→ Your task: Below are the entries. Set down exactly the line containing "norm_gradient_le_lipschitz[of f y" and each line after it.

→ Records for the task:
lemma norm_derivative_le_of_local_lipschitz:
  fixes F :: "'a::real_normed_vector \<Rightarrow> 'b::real_normed_vector"
  assumes D: "(F has_derivative D) (at y)"
    and lip: "eventually (\<lambda>z. norm (F z - F y) \<le> K * norm (z - y)) (at y)"
  shows "norm (D h) \<le> K * norm h"
proof (cases "h = 0")
  case True
  with has_derivative_bounded_linear[OF D] show ?thesis
    by (simp add: linear_simps)
next
  case False
  have lin: "linear D" using has_derivative_bounded_linear[OF D] bounded_linear.linear by blast
  obtain d1 where d1: "d1 > 0" "\<And>z. z \<noteq> y \<Longrightarrow> dist z y < d1 \<Longrightarrow> norm (F z - F y) \<le> K * norm (z - y)"
    using lip unfolding eventually_at by blast
  show ?thesis
  proof (rule field_le_epsilon)
    fix e :: real assume e: "e > 0"
    then have "e / norm h > 0" using False by simp
    then obtain d2 where d2: "d2 > 0" "\<And>x'. 0 < norm (x' - y) \<and> norm (x' - y) < d2 \<longrightarrow>
        norm (F x' - F y - D (x' - y)) / norm (x' - y) < e / norm h"
      using D unfolding has_derivative_at' by blast
    define t where "t = min d1 d2 / (2 * norm h)"
    have t0: "t > 0" unfolding t_def using d1 d2 False by simp
    have tn: "norm (t *\<^sub>R h) < d1" "norm (t *\<^sub>R h) < d2" "t *\<^sub>R h \<noteq> 0"
      unfolding t_def using d1 d2 False by (auto simp: field_simps)
    have a: "norm (F (y + t *\<^sub>R h) - F y) \<le> K * norm (t *\<^sub>R h)"
      using d1(2)[of "y + t *\<^sub>R h"] tn by (simp add: dist_norm)
    have "norm (F (y + t *\<^sub>R h) - F y - D (t *\<^sub>R h)) / norm (t *\<^sub>R h) < e / norm h"
      using d2(2)[of "y + t *\<^sub>R h"] tn by simp
    then have b: "norm (F (y + t *\<^sub>R h) - F y - D (t *\<^sub>R h)) \<le> e * t"
      using t0 False by (simp add: field_simps)
    have "norm (D (t *\<^sub>R h)) \<le> norm (F (y + t *\<^sub>R h) - F y) + norm (F (y + t *\<^sub>R h) - F y - D (t *\<^sub>R h))"
      by (metis norm_minus_commute norm_triangle_sub)
    also have "\<dots> \<le> K * (t * norm h) + e * t" using a b t0 by simp
    finally have "t * norm (D h) \<le> t * (K * norm h + e)"
      using lin t0 by (simp add: linear_scale algebra_simps)
    then show "norm (D h) \<le> K * norm h + e" using t0 by simp
  qed
qed

lemma norm_gradient_le_lipschitz:
  fixes f :: "'a::euclidean_space \<Rightarrow> real"
  assumes "f differentiable (at x)" and L: "L-lipschitz_on UNIV f"
  shows "norm (gradient f x) \<le> L"
proof -
  let ?v = "gradient f x"
  have "norm (?v \<bullet> ?v) \<le> L * norm ?v"
    using norm_derivative_le_of_local_lipschitz[OF has_derivative_gradient[OF assms(1)], of L ?v]
      lipschitz_on_normD[OF L] by (auto intro!: always_eventually)
  then have "norm ?v * norm ?v \<le> L * norm ?v"
    by (simp add: power2_norm_eq_inner[symmetric] power2_eq_square)
  then show ?thesis using lipschitz_on_nonneg[OF L] by (cases "norm ?v = 0") auto
qed

lemma gradient_inner_LIMSEQ:
  fixes f :: "'a::euclidean_space \<Rightarrow> real"
  assumes "f differentiable (at x)"
  shows "(\<lambda>n. (f (x + inverse (real (Suc n)) *\<^sub>R b) - f x) / inverse (real (Suc n)))
           \<longlonglongrightarrow> gradient f x \<bullet> b"
proof -
  have "((\<lambda>t. x + t *\<^sub>R b) has_derivative (\<lambda>t. t *\<^sub>R b)) (at 0)"
    by (auto intro!: derivative_eq_intros)
  moreover have "(f has_derivative (\<lambda>h. gradient f x \<bullet> h)) (at (x + 0 *\<^sub>R b))"
    using has_derivative_gradient[OF assms] by simp
  ultimately have "((\<lambda>t. f (x + t *\<^sub>R b)) has_derivative (\<lambda>t. gradient f x \<bullet> (t *\<^sub>R b))) (at 0)"
    by (rule has_derivative_compose)
  then have "((\<lambda>t. f (x + t *\<^sub>R b)) has_field_derivative (gradient f x \<bullet> b)) (at 0)"
    unfolding has_field_derivative_def by (rule has_derivative_eq_rhs) (auto simp: fun_eq_iff)
  then have lim: "((\<lambda>t. (f (x + t *\<^sub>R b) - f x) / t) \<longlongrightarrow> gradient f x \<bullet> b) (at 0)"
    unfolding has_field_derivative_iff by simp
  have "filterlim (\<lambda>n. inverse (real (Suc n))) (at (0::real)) sequentially"
    by (rule filterlim_atI) (auto simp del: of_nat_Suc intro: LIMSEQ_inverse_real_of_nat)
  then show ?thesis using filterlim_compose[OF lim] by (simp add: o_def)
qed

lemma borel_measurable_differentiable_on_UNIV:
  "f differentiable_on UNIV \<Longrightarrow> f \<in> borel_measurable borel"
  using differentiable_imp_continuous_on borel_measurable_continuous_onI by blast

text \<open>Each component of the gradient is a pointwise limit of measurable difference quotients.\<close>

lemma borel_measurable_gradient:
  fixes f :: "'a::euclidean_space \<Rightarrow> real"
  assumes "f differentiable_on UNIV"
  shows "gradient f \<in> borel_measurable borel"
proof -
  have [measurable]: "f \<in> borel_measurable borel"
    using assms by (rule borel_measurable_differentiable_on_UNIV)
  have [measurable]: "(\<lambda>x. gradient f x \<bullet> b) \<in> borel_measurable borel" for b
    by (rule borel_measurable_LIMSEQ_real[OF gradient_inner_LIMSEQ])
       (use assms in \<open>auto simp: differentiable_on_def\<close>)
  have "gradient f = (\<lambda>x. \<Sum>b\<in>Basis. (gradient f x \<bullet> b) *\<^sub>R b)"
    by (simp add: euclidean_representation)
  also have "\<dots> \<in> borel_measurable borel" by measurable
  finally show ?thesis .
qed

lemma integrable_scaleR_bounded:
  fixes g :: "'a \<Rightarrow> 'b::{banach, second_countable_topology}"
  assumes "integrable M k" "g \<in> borel_measurable M" "\<And>x. norm (g x) \<le> B"
  shows "integrable M (\<lambda>x. k x *\<^sub>R g x)"
proof (rule Bochner_Integration.integrable_bound)
  show "integrable M (\<lambda>x. B * \<bar>k x\<bar>)" using assms(1) by auto
  show "AE x in M. norm (k x *\<^sub>R g x) \<le> norm (B * \<bar>k x\<bar>)"
  proof (rule AE_I2)
    fix x
    have "\<bar>k x\<bar> * norm (g x) \<le> \<bar>k x\<bar> * B" using assms(3) by (intro mult_left_mono) auto
    then show "norm (k x *\<^sub>R g x) \<le> norm (B * \<bar>k x\<bar>)"
      using order_trans[OF norm_ge_zero assms(3)] by (simp add: abs_mult mult.commute)
  qed
qed (use assms in \<open>measurable\<close>)

section \<open>Differentiation under a convolution integral\<close>

context
  fixes f :: "'a::euclidean_space \<Rightarrow> real" and L :: real
  assumes dif: "f differentiable_on UNIV" and lip: "L-lipschitz_on UNIV f"
begin

declare borel_measurable_differentiable_on_UNIV[OF dif, measurable]
  borel_measurable_gradient[OF dif, measurable]

lemma abs_lipschitz_remainder_le:
  "\<bar>f z - f y - gradient f y \<bullet> (z - y)\<bar> \<le> 2 * L * norm (z - y)"
proof -
  have "\<bar>f z - f y\<bar> \<le> L * norm (z - y)"
    using lipschitz_on_normD[OF lip, of z y] by simp
  moreover have "\<bar>gradient f y \<bullet> (z - y)\<bar> \<le> L * norm (z - y)"
    using Cauchy_Schwarz_ineq2[of "gradient f y" "z - y"]
      norm_gradient_le_lipschitz[of f y L] dif lip
    by (meson differentiable_on_def UNIV_I mult_right_mono norm_ge_zero order_trans)
  ultimately show ?thesis by linarith
qed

→ Answer for this exercise:
      norm_gradient_le_lipschitz[of f y L] dif lip
    by (meson differentiable_on_def UNIV_I mult_right_mono norm_ge_zero order_trans)
  ultimately show ?thesis by linarith
qed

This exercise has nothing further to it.